Die dunkle Seite der Textil-Industrie

Saarbrücken · 40 bis 70 Kleidungsstücke kauft ein Deutscher pro Jahr. Über die Bedingungen, wie diese Kleider hergestellt werden, wissen die wenigsten Bescheid. Der Dokumentarfilm „True Cost“ will aufklären und schockiert zudem.

Menschenmassen stürmen in Einkaufsläden. Es ist Black Friday in Amerika. Die Wirtschaft boomt, aufgeregt und freudig zugleich wühlen die Kunden sich durch die Waren. Schnitt. Eine Frau in traditioneller, bunter, indischer Kleidung sitzt mitten im Bild. "Ich will nur ein lebenswürdiges Leben führen", sagt sie und bekommt dabei Tränen in die Augen. Shima ist eine von etwa vier Millionen Textilarbeiterinnen in Bangladesch. Ein beispielhaftes Schicksal im Film "True Cost - der wahre Preis der Mode", der bis Mittwoch im Filmhaus täglich um 19.30 Uhr läuft. Eine komische Stimmung entsteht während des Films im Kinosaal. Ungläubiges, fast trauriges Lachen kommt aus den hinteren Reihen, andere bekommen Tränen in die Augen.
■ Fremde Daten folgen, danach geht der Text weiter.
lemma norm_funpow_sub_le:
  fixes F :: "'a::real_normed_vector \<Rightarrow> 'a"
  assumes "L-lipschitz_on UNIV F" "L \<le> 1" "i \<le> n"
  shows "norm ((F ^^ i) x - x) \<le> real n * norm (F x - x)"
proof -
  have "norm ((F ^^ i) x - x) \<le> real i * norm (F x - x)"
    using norm_sub_le_steps[of i "\<lambda>j. (F ^^ j) x"] norm_funpow_step_le[OF assms(1,2)] by simp
  also have "\<dots> \<le> real n * norm (F x - x)"
    using assms(3) by (intro mult_right_mono) auto
  finally show ?thesis .
qed

lemma norm_sub_funpow_le:
  assumes lin: "linear L" and nonexp: "\<And>v. norm (L v) \<le> norm v"
    and step: "\<And>j. j < i \<Longrightarrow> norm (r (Suc j) - L (r j)) \<le> \<delta>"
  shows "norm (r i - (L ^^ i) (r 0)) \<le> real i * \<delta>"
  using step
proof (induction i)
  case (Suc i)
  have "r (Suc i) - (L ^^ Suc i) (r 0) = (r (Suc i) - L (r i)) + L (r i - (L ^^ i) (r 0))"
    by (simp add: linear_diff[OF lin])
  then have "norm (r (Suc i) - (L ^^ Suc i) (r 0))
      \<le> norm (r (Suc i) - L (r i)) + norm (L (r i - (L ^^ i) (r 0)))"
    by (metis norm_triangle_ineq)
  also have "\<dots> \<le> \<delta> + real i * \<delta>"
  proof (rule add_mono)
    show "norm (r (Suc i) - L (r i)) \<le> \<delta>"
      using Suc.prems by simp
    have "norm (r i - (L ^^ i) (r 0)) \<le> real i * \<delta>"
      using Suc by simp
    then show "norm (L (r i - (L ^^ i) (r 0))) \<le> real i * \<delta>"
      using nonexp[of "r i - (L ^^ i) (r 0)"] by linarith
  qed
  finally show ?case
    by (simp add: algebra_simps)
qed simp
(* Assume $\sigma_1(x)=\tfrac12\sigma_1''(0)\,x(x-a_1)$ with $\sigma_1''(0)\ne0$ and real $a_1>0$, and that $\frac{\tau(0)}{\frac12\sigma_1''(0)}=\frac{a_1}{1-q^{-1}}$ and $\frac{\tau'(0)}{\frac12\sigma_1''(0)}\ne-\frac{1}{1-q^{-1}}$, so that $\sigma_2(x)=\tfrac12\sigma_2''(0)x^2$ with $\tfrac12\sigma_2''(0)=q\big[\tfrac12\sigma_1''(0)+(1-q^{-1})\tau'(0)\big]\ne0$. Let $\Lambda_q=q^{-2}\Big[1+\frac{(1-q^{-1})\tau'(0)}{\frac12\sigma_1''(0)}\Big]$ and assume $q^2\Lambda_q<0$. Put $b=a_1$ and $$\rho(x)=|x|^{\alpha}\sqrt{x^{\log_qx-1}}\,(qx/b;q)_\infty,\qquad q^{\alpha}=-\frac{q^{-2}\tfrac12\sigma_2''(0)}{\tfrac12\sigma_1''(0)b}.$$ Then there exist polynomials $P_n$, $n\in\mathbb{N}_0$, with $P_n$ of degree $n$ a solution of the q-EHT with $\lambda=\lambda_n$, and nonzero constants $d_n^2$, such that for all $m,n\in\mathbb{N}_0$ $$\int_0^{b}P_n(x)P_m(x)\rho(x)\,d_qx=d_n^2\delta_{mn},$$ i.e. orthogonality with respect to $\rho$ supported on $\{q^kb\}_{k\in\mathbb{N}_0}$.
   Context: Throughout $0<q<1$. For a function $y$ and $\zeta\in\{q,q^{-1}\}$, $D_\zeta y(x)=\frac{y(x)-y(\zeta x)}{(1-\zeta)x}$ for $x\ne0$ and $D_\zeta y(0)=y'(0)$; $[n]_q=\frac{1-q^n}{1-q}$. Let $\sigma_1$ be a real polynomial of degree at most two, $\tau(x)=\tau'(0)x+\tau(0)$ a real polynomial with $\tau'(0)\ne0$, and $\sigma_2(x):=q[\sigma_1(x)+(1-q^{-1})x\tau(x)]$. The q-EHT with parameter $n$ is $\sigma_1(x)D_{q^{-1}}D_qy(x)+\tau(x)D_qy(x)+\lambda_ny(x)=0$, $\lambda_n=-[n]_q\big(\tau'(0)+\tfrac12[n-1]_{q^{-1}}\sigma_1''(0)\big)$. $(\beta;q)_\infty=\prod_{k\ge0}(1-\beta q^k)$. For $q^\alpha=c$ ($c\ne0$), $\alpha$ is any complex number with $e^{\alpha\ln q}=c$ and $|x|^\alpha:=e^{\alpha\ln|x|}$; for $x>0$, $\sqrt{x^{\log_qx-1}}:=\exp\big(\tfrac12(\log_qx-1)\ln x\big)$. For $b>0$, $\int_0^b f(x)\,d_qx=(1-q)b\sum_{j\ge0}q^jf(q^jb)$. *)

theory Defs
  imports "HOL-Analysis.Analysis" "HOL-Computational_Algebra.Polynomial"
begin

definition qD :: "real \<Rightarrow> (real \<Rightarrow> real) \<Rightarrow> real \<Rightarrow> real" where
  "qD \<zeta> y x = (if x = 0 then deriv y 0 else (y x - y (\<zeta> * x)) / ((1 - \<zeta>) * x))"

definition qnum :: "real \<Rightarrow> int \<Rightarrow> real" where
  "qnum z k = (1 - z powi k) / (1 - z)"

definition qpoch_inf :: "real \<Rightarrow> real \<Rightarrow> real" where
  "qpoch_inf \<beta> q = prodinf (\<lambda>k. 1 - \<beta> * q ^ k)"

definition has_qint :: "real \<Rightarrow> (real \<Rightarrow> complex) \<Rightarrow> real \<Rightarrow> complex \<Rightarrow> bool" where
  "has_qint q f b I \<longleftrightarrow>
     (\<lambda>j. complex_of_real ((1 - q) * b * q ^ j) * f (q ^ j * b)) sums I"

end

theory Submission
  imports Defs
begin

text \<open>
  For \<open>x \<noteq> 0\<close> and \<open>\<tau>(0) = q s a/(q - 1)\<close> the q-EHT reads
  \<open>A (y(q x) - y(x)) + B (1 - a/x) (y(x/q) - y(x)) = \<lambda> y(x)\<close> with
  \<open>A = (q s + (q - 1) t\<^sub>1)/(1 - q)\<^sup>2\<close> and \<open>B = q\<^sup>2 s/(1 - q)\<^sup>2\<close>. This operator is triangular on
  monomials with diagonal entries \<open>\<lambda>\<^sub>j = A (q^j - 1) + B (q^-j - 1)\<close>, which are distinct because the
  hypothesis \<open>q\<^sup>2 \<Lambda>\<^sub>q < 0\<close> says \<open>A B < 0\<close>; hence there is a monic eigenpolynomial of every degree.
  On the lattice \<open>x\<^sub>k = q^k a\<close> the backward term vanishes at \<open>x\<^sub>0 = a\<close>, and the weights
  \<open>w\<^sub>k = \<Prod>i<k. (-A/B) q^(i+1)/(1 - q^(i+1))\<close> satisfy the Pearson equation
  \<open>w\<^sub>k A = w\<^sub>k\<^sub>+\<^sub>1 B (1 - a/x\<^sub>k\<^sub>+\<^sub>1)\<close>. Summation by parts then makes the operator symmetric
  for \<open>w\<close>, so eigenpolynomials of different degrees are orthogonal. Finally
  \<open>\<rho>(q x) = q^\<alpha> x \<rho>(x)/(1 - q x/b)\<close> reproduces the ratio \<open>w\<^sub>k\<^sub>+\<^sub>1/w\<^sub>k\<close>, so the Jackson integral
  against \<open>\<rho>\<close> is a constant multiple of the \<open>w\<close>-weighted sum over the lattice.
\<close>

section \<open>Second-order difference equations on the naturals\<close>

lemma Bseq_diff:
  fixes f g :: "nat \<Rightarrow> 'a::real_normed_vector"
  assumes "Bseq f" "Bseq g"
  shows "Bseq (\<lambda>n. f n - g n)"
proof -
  from assms obtain K L where "\<And>n. norm (f n) \<le> K" "\<And>n. norm (g n) \<le> L"
    unfolding Bseq_def by blast
  then have "norm (f n - g n) \<le> K + L" for n
    by (meson add_mono norm_triangle_ineq4 order_trans)
  then show ?thesis by (rule BseqI')
qed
Die Bilder sind erschreckend und machen die Realität bewusst, die wir in Europa ausblenden, wenn wir in Modegeschäfte gehen und nach den billigsten Schnäppchen suchen. Im Film werden Szenen gegenübergestellt von Produzenten und Konsumenten. Man sieht eine Modenschau und im nächsten Bild Kinder mit Behinderungen, die durch chemische Spritzmittel ausgelöst wurden. Der Eindruck, der am Schluss zurückbleibt ist schockierend. Umso besser, dass es nach dieser Vorführung ein Gespräch gibt. Teilnehmer ist unter anderem Reiner Gebhardt. Er hat mit Dibella ein Unternehmen gegründet, welches Bio- und Fairtradetextilien an Hotels, Gastronomie oder Gesundheitswesen verkauft. Damit hat er bereits das Hotel am Triller ausgestattet, und auch das Hotel Leidinger in der Mainzer Straße gehört zu seinen Kunden. Er ist ein wichtiger Vorreiter in dieser Branche. Weitere Gesprächspartner sind Tamara Enhuber vom Bündnis Sklavenlos (seit 2014) und Peter Weichardt von der Fairtrade Initiative Saarbrücken . Problematisch sieht Peter Weichardt, wie wir Europäer uns oft aus der Verantwortung ziehen aus scheinbarer Unwissenheit. "Jeder sollte die Verantwortung für diese Menschen tragen. Wir ignorieren das Leben von anderen", versucht er das Bewusstsein seiner Zuhörer zu schärfen. Auch Lösungsansätze werden in der Runde besprochen, eine rege Beteiligung des Publikums entsteht. Es gibt eine Broschüre mit den unterschiedlichen Siegeln für Bio- und Fairtrademode. Ein weiteres Problem ist der steigende Konsum. Kleidung ist billig und wird vom Gebrauchsgegenstand zum Wegwerfgegenstand. Denn für den Konsumenten ist es schwierig zu entscheiden, was "gute" Mode ist. Nur weil eine Jeans teurer ist, bedeutet das nicht, dass sie unter besseren Umständen entstanden ist. 40 bis 70 Kleidungsstücke kauft der Deutsche im Jahr. Altkleider landen auf der Deponie. Die aktuelle Lage sollte klarmachen, dass es ein fataler Weg ist, rücksichtslos die Menschen in anderen Ländern auszunutzen. "True Cost ist ein Film, den jeder gesehen haben sollte", ist Weichardt überzeugt.